Use the cube() function to create a multidimensional cube for a teradataml DataFrame using specified columns, and there by running aggregates on it produce the aggregations on different dimensions.
This method does not support operations on array columns.
Required Parameter
- columns
- Specifies the names of input teradataml DataFrame columns.
Optional Parameter
- include_grouping_columns
- Specifies whether to include aggregations on the grouping columns or not. When set to True, the resultant DataFrame will have the aggregations on the columns mentioned in "columns_expr". Otherwise, resultant DataFrame will not have aggregations on the columns mentioned in "columns_expr".
Default value: False
Example setup
In this example, "admission_train" dataset is used.
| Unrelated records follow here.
lemma cantor_diam_nontrivial:
  assumes "nontrivial C"
  obtains l where "cantor_diam C = (1/2)^l" "same_prefix C l"
proof -
  obtain x0 y0 where "x0 \<in> C" "y0 \<in> C" "x0 \<noteq> y0"
    using assms unfolding nontrivial_def by blast
  let ?diff = "\<lambda>x y. LEAST n. x n \<noteq> y n"
  define l where "l = (LEAST m. \<exists>x\<in>C. \<exists>y\<in>C. x \<noteq> y \<and> ?diff x y = m)"
  have attained: "\<exists>x\<in>C. \<exists>y\<in>C. x \<noteq> y \<and> ?diff x y = l"
    unfolding l_def by (rule LeastI[of _ "?diff x0 y0"]) (use \<open>x0 \<in> C\<close> \<open>y0 \<in> C\<close> \<open>x0 \<noteq> y0\<close> in auto)
  have least: "l \<le> ?diff x y" if "x \<in> C" "y \<in> C" "x \<noteq> y" for x y
    unfolding l_def by (rule Least_le) (use that in auto)
  have "same_prefix C l"
    unfolding same_prefix_def
  proof (intro ballI allI impI, rule ccontr)
    fix x y i assume "x \<in> C" "y \<in> C" "i < l" "x i \<noteq> y i"
    moreover from this have "?diff x y \<le> i" by (intro Least_le)
    ultimately show False using least by fastforce
  qed
  moreover have "C \<noteq> {}" using \<open>x0 \<in> C\<close> by auto
  then have "cantor_diam C = (1/2)^l"
    unfolding cantor_diam_def if_not_P[OF \<open>C \<noteq> {}\<close>]
  proof (intro cSup_eq_maximum)
    show "(1/2)^l \<in> (\<lambda>p. cantor_dist (fst p) (snd p)) ` (C \<times> C)"
      using attained by (force simp: cantor_dist_def)
  next
    fix d assume "d \<in> (\<lambda>p. cantor_dist (fst p) (snd p)) ` (C \<times> C)"
    then obtain x y where "x \<in> C" "y \<in> C" "d = cantor_dist x y" by auto
    then show "d \<le> (1/2)^l"
      using least[of x y] by (auto simp: cantor_dist_def power_decreasing)
  qed
  ultimately show ?thesis using that by blast
qed

lemma diam_exponent:
  assumes "nontrivial C"
  shows "cantor_diam C = (1/2)^diam_exponent C" "same_prefix C (diam_exponent C)"
proof -
  obtain l where l: "cantor_diam C = (1/2)^l" "same_prefix C l"
    using assms by (rule cantor_diam_nontrivial)
  moreover have "diam_exponent C = l"
    unfolding diam_exponent_def using l(1) by (intro Least_equality) (simp_all add: power_one_over)
  ultimately show "cantor_diam C = (1/2)^diam_exponent C" "same_prefix C (diam_exponent C)"
    by simp_all
qed

lemma le_diam_exponent:
  assumes "nontrivial C" "cantor_diam C \<le> (1/2)^k"
  shows "k \<le> diam_exponent C"
  using assms diam_exponent(1)[OF assms(1)] by (simp add: power_decreasing_iff)

lemma card_le_if_suminf_le:
  fixes c :: "nat \<Rightarrow> real"
  assumes sum: "(\<Sum>n. ennreal (c n)) \<le> ennreal \<epsilon>"
    and "\<And>n. n \<in> Q \<Longrightarrow> c n = r" and "r > 0" "\<epsilon> \<ge> 0"
  shows "finite Q" "real (card Q) * r \<le> \<epsilon>"
proof -
  have bound: "real (card F) * r \<le> \<epsilon>" if "finite F" "F \<subseteq> Q" for F
  proof -
    have "ennreal (real (card F) * r) = (\<Sum>n\<in>F. ennreal r)"
      using assms(3) by (simp add: ennreal_of_nat_eq_real_of_nat ennreal_mult')
    also have "\<dots> = (\<Sum>n\<in>F. ennreal (c n))"
      using that assms(2) by (intro sum.cong) auto
    also have "\<dots> \<le> (\<Sum>n. ennreal (c n))"
      by (rule sum_le_suminf) (use that in auto)
    also note sum
    finally show ?thesis
      using assms(4) by simp
  qed
  show "finite Q"
  proof (rule ccontr)
    assume "infinite Q"
    then obtain F where "finite F" "card F = Suc (nat \<lceil>\<epsilon> / r\<rceil>)" "F \<subseteq> Q"
      using infinite_arbitrarily_large by blast
    moreover have "\<epsilon> / r < real (Suc (nat \<lceil>\<epsilon> / r\<rceil>))"
      using real_nat_ceiling_ge[of "\<epsilon> / r"] by simp
    then have "\<epsilon> < real (Suc (nat \<lceil>\<epsilon> / r\<rceil>)) * r"
      using assms(3) by (simp add: pos_divide_less_eq)
    ultimately show False using bound by fastforce
  qed
  then show "real (card Q) * r \<le> \<epsilon>"
    by (rule bound) simp
qed

lemma card_SIGMA_le_geometric:
  assumes "c \<ge> 0" "\<And>j. j < n \<Longrightarrow> finite (S j)"
    and "\<And>j. j < n \<Longrightarrow> real (card (S j)) \<le> c * (1/2)^Suc j"
  shows "real (card (SIGMA j:{..<n}. S j)) \<le> c"
proof -
  have "real (card (SIGMA j:{..<n}. S j)) = (\<Sum>j<n. real (card (S j)))"
    using assms(2) by (simp add: card_SigmaI)
  also have "\<dots> \<le> (\<Sum>j<n. c * (1/2)^Suc j)"
    using assms(3) by (intro sum_mono) auto
  also have "\<dots> = c * (1 - (1/2)^n)"
    by (induction n) (simp_all add: algebra_simps)
  also have "\<dots> \<le> c"
    using assms(1) by (simp add: mult_left_le)
  finally show ?thesis .
qed

lemma card_cover_level_le:
  fixes C :: "nat \<Rightarrow> nat \<Rightarrow> (nat \<Rightarrow> bool) set" and e :: "nat \<Rightarrow> nat"
  assumes level: "\<And>j n. nontrivial (C j n) \<Longrightarrow> j + 3 \<le> e (diam_exponent (C j n))"
    and cost: "\<And>j. (\<Sum>n. ennreal (estar e (cantor_diam (C j n)))) \<le> ennreal ((1/2)^(j+4))"
  shows "finite {(j, n). nontrivial (C j n) \<and> e (diam_exponent (C j n)) = k + 3}"
    and "card {(j, n). nontrivial (C j n) \<and> e (diam_exponent (C j n)) = k + 3} \<le> 2^k"
proof -
  define S where "S j = {n. nontrivial (C j n) \<and> e (diam_exponent (C j n)) = k + 3}" for j
  have S: "finite (S j) \<and> real (card (S j)) \<le> 2^k * (1/2)^Suc j" for j
  proof -
    have "estar e (cantor_diam (C j n)) = (1/2)^(k+3)" if "n \<in> S j" for n
      using that diam_exponent(1) estar_half_power unfolding S_def by auto
    then have "finite (S j)" "real (card (S j)) * (1/2)^(k+3) \<le> (1/2)^(j+4)"
      by (rule card_le_if_suminf_le[OF cost]; simp)+
    then show ?thesis by (simp add: field_simps power_add)
  qed
  have eq: "{(j, n). nontrivial (C j n) \<and> e (diam_exponent (C j n)) = k + 3} = (SIGMA j:{..<k+3}. S j)"
    using level unfolding S_def by force
  show "finite {(j, n). nontrivial (C j n) \<and> e (diam_exponent (C j n)) = k + 3}"
    unfolding eq using S by auto
  have "real (card (SIGMA j:{..<k+3}. S j)) \<le> 2^k"
    using S by (intro card_SIGMA_le_geometric) auto
  then show "card {(j, n). nontrivial (C j n) \<and> e (diam_exponent (C j n)) = k + 3} \<le> 2^k"
    unfolding eq by (metis of_nat_le_iff of_nat_numeral of_nat_power)
qed

lemma power2_add_eq_imp_eq:
  fixes k k' f f' :: nat
  assumes "f < 2^k" "f' < 2^k'" "2^k + f = 2^k' + f'"
  shows "k = k'"
proof (rule ccontr)
  have less: "2^k + f < 2^k' + f'" if "k < k'" "f < 2^k" for k k' f f' :: nat
  proof -
    have "(2::nat)^k + f < 2^Suc k" using that(2) by simp
    also have "\<dots> \<le> 2^k'" using that(1) by (intro power_increasing) auto
    finally show ?thesis by simp
  qed
  assume "k \<noteq> k'"
  then show False
    using less[of k k' f f'] less[of k' k f' f] assms by linarith
qed

lemma exists_inj_index_below_level:
  fixes lev :: "'a::countable \<Rightarrow> nat"
  assumes "\<And>k. finite {a\<in>T. lev a = k}" "\<And>k. card {a\<in>T. lev a = k} \<le> 2^k"
  obtains idx :: "'a \<Rightarrow> nat" where "inj idx" "\<And>a. a \<in> T \<Longrightarrow> idx a < 2^(lev a + 2)"
proof -
  have "\<forall>k. \<exists>f. inj_on f {a\<in>T. lev a = k} \<and> (\<forall>a\<in>{a\<in>T. lev a = k}. f a < (2::nat)^k)"
  proof
    fix k
    obtain f where f: "bij_betw f {a\<in>T. lev a = k} {0..<card {a\<in>T. lev a = k}}"
      using ex_bij_betw_finite_nat[OF assms(1)] by blast
    have "f a < 2^k" if "a \<in> {a\<in>T. lev a = k}" for a
      using bij_betwE[OF f] that assms(2)[of k] by (meson atLeastLessThan_iff less_le_trans)
    with f show "\<exists>f. inj_on f {a\<in>T. lev a = k} \<and> (\<forall>a\<in>{a\<in>T. lev a = k}. f a < (2::nat)^k)"
      by (auto simp: bij_betw_def)
  qed
  from choice[OF this] obtain F where F: "\<And>k. inj_on (F k) {a\<in>T. lev a = k}"
    "\<And>k a. a \<in> T \<Longrightarrow> lev a = k \<Longrightarrow> F k a < (2::nat)^k"
    by blast
  define idx where
    "idx a = (if a \<in> T then 2 * (2^lev a + F (lev a) a) else 2 * to_nat a + 1)" for a
  have "inj idx"
  proof (rule injI)
    fix a b assume eq: "idx a = idx b"
    consider "a \<in> T" "b \<in> T" | "a \<notin> T" "b \<notin> T" | "(a \<in> T) \<noteq> (b \<in> T)"
      by blast
    then show "a = b"
    proof cases
      case 1
      with eq have sum_eq: "2^lev a + F (lev a) a = 2^lev b + F (lev b) b"
        by (simp add: idx_def)
      have "lev a = lev b"
        using F(2)[OF 1(1) refl] F(2)[OF 1(2) refl] sum_eq by (rule power2_add_eq_imp_eq)
      with sum_eq have "F (lev a) a = F (lev a) b" by simp
      then show ?thesis
        using 1 \<open>lev a = lev b\<close> by (intro inj_onD[OF F(1)]) auto
    next
      case 2
      with eq show ?thesis by (simp add: idx_def)
    next
      case 3
      then have "even (idx a) \<noteq> even (idx b)"
        by (cases "a \<in> T") (simp_all add: idx_def)
      with eq show ?thesis by simp
    qed
  qed
  moreover have "idx a < 2^(lev a + 2)" if "a \<in> T" for a
  proof -
    have "2^lev a + F (lev a) a < (2::nat)^Suc (lev a)"
      using F(2)[OF that refl] by simp
    then show ?thesis using that by (simp add: idx_def)
  qed
  ultimately show ?thesis using that by blast
qed

lemma le_if_below_Least_power:
  fixes h :: "nat \<Rightarrow> nat"
  assumes "mono h" "k < (LEAST n. l < h (2^n))" "i \<le> 2^k"
  shows "h i \<le> l"
proof -
  have "h i \<le> h (2^k)" using assms(1,3) by (rule monoD)
  moreover have "\<not> l < h (2^k)" using assms(2) by (rule not_less_Least)
  ultimately show ?thesis by simp
qed

lemma J_ideal_if_covers:
  fixes C :: "nat \<Rightarrow> nat \<Rightarrow> (nat \<Rightarrow> bool) set" and idx :: "nat \<times> nat \<Rightarrow> nat"
  assumes "inj idx" "\<And>j. A \<subseteq> (\<Union>n. C j n)"
    and "\<And>j n. same_prefix (C j n) (h (idx (j, n)))"
  shows "A \<in> J_ideal h"
proof -
  define rep where "rep i = (SOME x. \<exists>j n. idx (j, n) = i \<and> x \<in> C j n)" for i
  define \<sigma> where "\<sigma> i = map (rep i) [0..<h i]" for i
  have rep: "rep (idx (j, n)) \<in> C j n" if "x \<in> C j n" for j n x
  proof -
    have "\<exists>j' n'. idx (j', n') = idx (j, n) \<and> rep (idx (j, n)) \<in> C j' n'"
      unfolding rep_def by (rule someI[of _ x]) (use that in blast)
    then obtain j' n' where idx: "idx (j', n') = idx (j, n)" and rep: "rep (idx (j, n)) \<in> C j' n'"
      by blast
    from idx have "(j', n') = (j, n)" by (rule injD[OF assms(1)])
    with rep show ?thesis by simp
  qed
  have prefix: "init_seg (\<sigma> (idx (j, n))) x" if "x \<in> C j n" for j n x
  proof -
    have "x i = rep (idx (j, n)) i" if "i < h (idx (j, n))" for i
      using assms(3)[of j n] rep[OF \<open>x \<in> C j n\<close>] \<open>x \<in> C j n\<close> that
      unfolding same_prefix_def by blast
    then show ?thesis by (simp add: init_seg_def \<sigma>_def)
  qed
  have "x \<in> inf_often_set \<sigma>" if "x \<in> A" for x
  proof -
    have "\<forall>j. \<exists>n. x \<in> C j n" using assms(2) that by blast
    from choice[OF this] obtain N where N: "\<And>j. x \<in> C j (N j)" by blast
    have "inj (\<lambda>j. idx (j, N j))"
    proof (rule injI)
      fix j j' assume "idx (j, N j) = idx (j', N j')"
      then have "(j, N j) = (j', N j')" by (rule injD[OF assms(1)])
      then show "j = j'" by simp
    qed
    then have "infinite (range (\<lambda>j. idx (j, N j)))" by (rule range_inj_infinite)
    moreover have "range (\<lambda>j. idx (j, N j)) \<subseteq> {i. init_seg (\<sigma> i) x}"
      using prefix N by blast
    ultimately have "infinite {i. init_seg (\<sigma> i) x}" by (rule infinite_super[rotated])
    then show ?thesis unfolding inf_often_set_def by (simp add: frequently_cofinite)
  qed
  moreover have "length (\<sigma> i) = h i" for i by (simp add: \<sigma>_def)
  ultimately show ?thesis unfolding J_ideal_def by blast
qed

lemma exists_index_for_covers:
  fixes C :: "nat \<Rightarrow> nat \<Rightarrow> (nat \<Rightarrow> bool) set" and e h K :: "nat \<Rightarrow> nat"
  assumes "mono e" "mono h" "\<And>l. e l \<le> (LEAST n. l < h (2^n))"
    and "\<And>j. j + 3 \<le> e (K j)" "\<And>j n. cantor_diam (C j n) \<le> (1/2)^K j"
    and "\<And>j. (\<Sum>n. ennreal (estar e (cantor_diam (C j n)))) \<le> ennreal ((1/2)^(j+4))"
  obtains idx :: "nat \<times> nat \<Rightarrow> nat"
  where "inj idx" "\<And>j n. same_prefix (C j n) (h (idx (j, n)))"
proof -
  define L where "L j n = diam_exponent (C j n)" for j n
  have level: "j + 3 \<le> e (L j n)" if "nontrivial (C j n)" for j n
    using assms(4)[of j] monoD[OF assms(1) le_diam_exponent[OF that assms(5)]]
    unfolding L_def by linarith
  define T where "T = {(j, n). nontrivial (C j n)}"
  define lev where "lev = (\<lambda>(j, n). e (L j n) - 3)"
  have "{a\<in>T. lev a = k} = {(j, n). nontrivial (C j n) \<and> e (diam_exponent (C j n)) = k + 3}" for k
    using level unfolding T_def lev_def L_def by force
  then have "finite {a\<in>T. lev a = k}" "card {a\<in>T. lev a = k} \<le> 2^k" for k
    using card_cover_level_le[OF level[unfolded L_def] assms(6)] by simp_all
  then obtain idx where "inj idx" and idx_bound: "\<And>a. a \<in> T \<Longrightarrow> idx a < (2::nat)^(lev a + 2)"
    by (rule exists_inj_index_below_level) blast
  moreover have "same_prefix (C j n) (h (idx (j, n)))" for j n
  proof (cases "nontrivial (C j n)")
    case True
    have "h (idx (j, n)) \<le> L j n"
    proof (rule le_if_below_Least_power[OF assms(2)])
      show "e (L j n) - 1 < (LEAST m. L j n < h (2^m))"
        using assms(3)[of "L j n"] level[OF True] by linarith
      have "e (L j n) - 3 + 2 = e (L j n) - 1" using level[OF True] by linarith
      moreover have "(j, n) \<in> T" using True unfolding T_def by simp
      ultimately show "idx (j, n) \<le> 2^(e (L j n) - 1)"
        using idx_bound[of "(j, n)"] unfolding lev_def by simp
    qed
    then show ?thesis
      using diam_exponent(2)[OF True] unfolding L_def same_prefix_def by auto
  next
    case False
    then show ?thesis unfolding nontrivial_def same_prefix_def by auto
  qed
  ultimately show ?thesis using that by blast
qed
>>> from teradataml import *
>>> load_example_data("dataframe", "admissions_train")
>>> df = DataFrame("admissions_train")
Example 1: Analyzes the data by grouping into masters and stats dimensions
>>> df1 = df.cube(["masters", "stats"]).sum()
>>> df1 masters stats sum_id sum_gpa sum_admitted 0 no Beginner 8 3.60 1 1 None Advanced 555 84.21 16 2 None Beginner 21 18.31 3 3 yes Beginner 13 14.71 2 4 None None 820 141.67 26 5 yes Advanced 366 49.26 7 6 no None 343 63.96 16 7 None Novice 244 39.15 7 8 no Advanced 189 34.95 9 9 yes Novice 98 13.74 1
Example 2: Find the average of all valid columns by grouping the DataFrame with columns 'masters' and 'admitted'
Include grouping columns in aggregate function 'avg'.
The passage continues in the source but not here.